和菓子職人の見習い、弟子入り

弟子入りと就職の違い

近年、和菓子職人を目指す人の多くは高校卒業後に製菓学校へ進学して技術を学び、卒業してから和菓子店の就職試験に臨んでいます。

営業や事務職の人と同じように、就職活動をして就職先を見つけるというパターンです。

一方、弟子入りは通常の就職とは異なり、自分が目標とする一流和菓子職人やその人が所属する和菓子店に直談判をして、弟子入りを認めてもらうというものです。

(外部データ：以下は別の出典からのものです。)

(* Let $s\ge1$. If $f\in C^2(\mathbb{R}^s)$ and $H_n(f)<\infty$ for some $n\in\mathbb{N}_0$, then for any $n_0\in\mathbb{N}_0$ there exists a constant $C>0$ depending only on $n_0$ and $f$ such that $$\left|\sum_{\alpha\in\mathbb{Z}^s}\left|\hat{\boldsymbol d}_\alpha^n(f)\right|_2-\|f\|_{TV}\right|\le C\,2^{-n}\int_{\mathbb{R}^s}\left|D^2f(x)\right|_F\,dx\qquad\text{for all } n\ge n_0.$$
   Context: Univariate Haar functions: $\psi_0:=\chi_{[0,1]}$, $\psi_1:=\chi_{[0,\frac12]}-\chi_{[\frac12,1]}$; for $\theta\in\{0,1\}^s$, $\psi_\theta(x):=\prod_{j=1}^s\psi_{\theta_j}(x_j)$, and $d_{\theta,\alpha}^n(f):=2^{ns/2}\int_{\mathbb{R}^s}f(t)\psi_\theta(2^nt-\alpha)\,dt$ for $n\in\mathbb{N}_0$, $\alpha\in\mathbb{Z}^s$. Let $\epsilon_j\in\{0,1\}^s$ denote the $j$-th unit vector, and define $\hat{\boldsymbol d}_\alpha^n(f):=-2^{n(1-s/2)+2}\big(d^n_{\epsilon_1,\alpha}(f),\dots,d^n_{\epsilon_s,\alpha}(f)\big)\in\mathbb{R}^s$. $|\cdot|_2$ is the Euclidean norm, $\|f\|_{TV}:=\int_{\mathbb{R}^s}|\nabla f(x)|_2\,dx$. The Frobenius norm of the Hessian is $|D^2f(x)|_F:=\big(\sum_{j,k=1}^s(\partial^2f(x)/\partial x_j\partial x_k)^2\big)^{1/2}$. With $x_\alpha^n:=2^{-n}(\alpha+\frac12(1,\dots,1))$, $H_n(f):=\sum_{\alpha\in\mathbb{Z}^s}2^{-ns}\max_{x\in x_\alpha^n+2^{-n}[-\frac12,\frac12]^s}|D^2f(x)|_F$ (possibly $+\infty$). *)

theory Defs
  imports "HOL-Analysis.Analysis"
begin

text \<open>Dimension s = CARD('n); points of R^s are vectors real^'n (Euclidean norm).\<close>

definition unitvec :: "'n::finite \<Rightarrow> real^'n" where
  "unitvec j = axis j 1"

definition partial :: "'n::finite \<Rightarrow> (real^'n \<Rightarrow> real) \<Rightarrow> real^'n \<Rightarrow> real" where
  "partial j g x = deriv (\<lambda>t. g (x + t *\<^sub>R unitvec j)) 0"

definition has_partial :: "'n::finite \<Rightarrow> (real^'n \<Rightarrow> real) \<Rightarrow> real^'n \<Rightarrow> bool" where
  "has_partial j g x \<longleftrightarrow> (\<lambda>t. g (x + t *\<^sub>R unitvec j)) differentiable (at 0)"
lemma integral_exp_degree:
  assumes B: "sbB C c n > 0" and \<alpha>: "0 \<le> \<alpha>" "\<alpha> \<le> pi"
  shows "integral\<^sup>L (sb_measure C c n mu) (exp_degree N C c n mu \<alpha>) =
           2 * pi * real N * \<alpha> / (sbB C c n)^2 *
             ((\<Sum>i\<in>{i\<in>{1..C}. n i \<noteq> 0}. \<Sum>j\<in>{j\<in>{1..C}. n j = n i}.
                 c i * c j * cos (real (n i) * (mu i - mu j)) * (sin (real (n i) * \<alpha>) / (real (n i) * \<alpha>)))
              + 2 * ((\<Sum>i\<in>{i\<in>{1..C}. n i = 0}. c i) + sbA C c)^2)"
proof -
  have "integral\<^sup>L (sb_measure C c n mu) (exp_degree N C c n mu \<alpha>) =
      integral {-pi..pi} (\<lambda>\<theta>. sb C c n mu \<theta> * exp_degree_formula N C c n mu \<alpha> \<theta>)"
    unfolding exp_degree_eq_formula[OF B \<alpha>, abs_def] sb_measure_def using B
    by (intro integral_density_indicator_interval sb_nonneg)
       (auto simp: sb_def exp_degree_formula_def intro!: continuous_intros)
  then show ?thesis
    using has_integral_sb_times_exp_degree_formula by (simp add: integral_unique)
qed
lemma dd_basis_expansion:
  fixes f :: "'a::euclidean_space \<Rightarrow> 'b::real_normed_vector"
  assumes "f differentiable (at P)"
  shows "dd f v P = (\<Sum>b\<in>Basis. (v \<bullet> b) *\<^sub>R dd f b P)"
proof -
  have "dd f v P = dd f (\<Sum>b\<in>Basis. (v \<bullet> b) *\<^sub>R b) P"
    by (simp add: euclidean_representation)
  also have "\<dots> = (\<Sum>b\<in>Basis. (v \<bullet> b) *\<^sub>R dd f b P)"
    by (simp add: linear_sum[OF linear_dd[OF assms]] linear_cmul[OF linear_dd[OF assms]] o_def)
  finally show ?thesis .
qed

lemma has_derivative_vec_nth:
  "(f has_derivative f') F \<Longrightarrow> ((\<lambda>x. f x $ i) has_derivative (\<lambda>h. f' h $ i)) F"
  by (rule bounded_linear.has_derivative[OF bounded_linear_vec_nth])

lemma has_derivative_vec_lambda:
  fixes f :: "'i::finite \<Rightarrow> 'a::real_normed_vector \<Rightarrow> real"
  assumes "\<And>i. (f i has_derivative f' i) F"
  shows "((\<lambda>x. \<chi> i. f i x) has_derivative (\<lambda>h. \<chi> i. f' i h)) F"
proof -
  have expand: "(\<chi> i. c i) = (\<Sum>i\<in>UNIV. c i *\<^sub>R axis i (1::real))" for c
    using basis_expansion[of "\<chi> i. c i"] by (simp add: scalar_mult_eq_scaleR)
  show ?thesis
    unfolding expand by (intro has_derivative_sum has_derivative_scaleR_left assms)
qed

lemma has_real_derivative_dd_along_line:
  fixes f :: "'a::real_normed_vector \<Rightarrow> real^'n::finite"
  assumes "f differentiable (at (x + s *\<^sub>R v))"
  shows "((\<lambda>t. f (x + t *\<^sub>R v) $ i) has_real_derivative dd f v (x + s *\<^sub>R v) $ i) (at s)"
proof -
  have line: "((\<lambda>t. x + t *\<^sub>R v) has_derivative (\<lambda>t. t *\<^sub>R v)) (at s)"
    by (auto intro!: derivative_eq_intros)
  have "((\<lambda>t. f (x + t *\<^sub>R v) $ i) has_derivative (\<lambda>t. dd f (t *\<^sub>R v) (x + s *\<^sub>R v) $ i)) (at s)"
    using has_derivative_vec_nth[OF diff_chain_at[OF line has_derivative_dd[OF assms]]]
    by (simp add: o_def)
  moreover have "(\<lambda>t. dd f (t *\<^sub>R v) (x + s *\<^sub>R v) $ i) = (*) (dd f v (x + s *\<^sub>R v) $ i)"
    using linear_cmul[OF linear_dd[OF assms]] by (simp add: fun_eq_iff mult.commute)
  ultimately show ?thesis
    unfolding has_field_derivative_def by simp
qed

昔は丁稚奉公のように、給料なしで奉公をする代わりに技術を教えてもらうというケースが多かったものの、現代では弟子にも給料が支払われるのが常識です。

とはいえ一般的に、通常の募集で入社した人に比べると、弟子入りした人の方が収入は少ない傾向にあります。

弟子入りするメリット

製菓学校では生徒の幅広いニーズに応えるため、さまざまなカリキュラムや技術を広く浅く学びます。

つまり、菓子作りについて幅広い知識は得られるものの、和菓子専門の技術までは習得できないというのが現状です。

ましてや、伝統を守りつつも店ごとのオリジナリティが必要な和菓子業界では、その店ならではのやり方、技術を学ぶことが重要になります。

「この師匠につきたい」「この店のこの商品を作りたい」という明確な希望がある人の場合は、製菓学校に進学するよりも弟子入りした方が、一流和菓子職人への近道だといえるかもしれません。

見習い期間の仕事内容

弟子でも、通常の就職で入社した新人でも、すぐに手取り足取り和菓子作りを教えてもらえるわけではないのが職人の世界です。

掃除や洗い物、配達などの和菓子作りとは遠い雑用から入り、数ヶ月~数年間勤めると餡炊きなどの下準備をやらせてもらえるように。

さらに数ヶ月~数年後にやっと和菓子作りにかかわることができるのが一般的です。

見習い期間は店によってさまざまですが、雑用や下準備作業の重労働、憧れの和菓子作りという仕事になかなか手が届かないというジレンマから、この期間中にほとんどの人が離職してしまいます。

過酷な見習いに耐え抜いたほんの一握りの人だけが、和菓子職人として活躍できるようになるのです。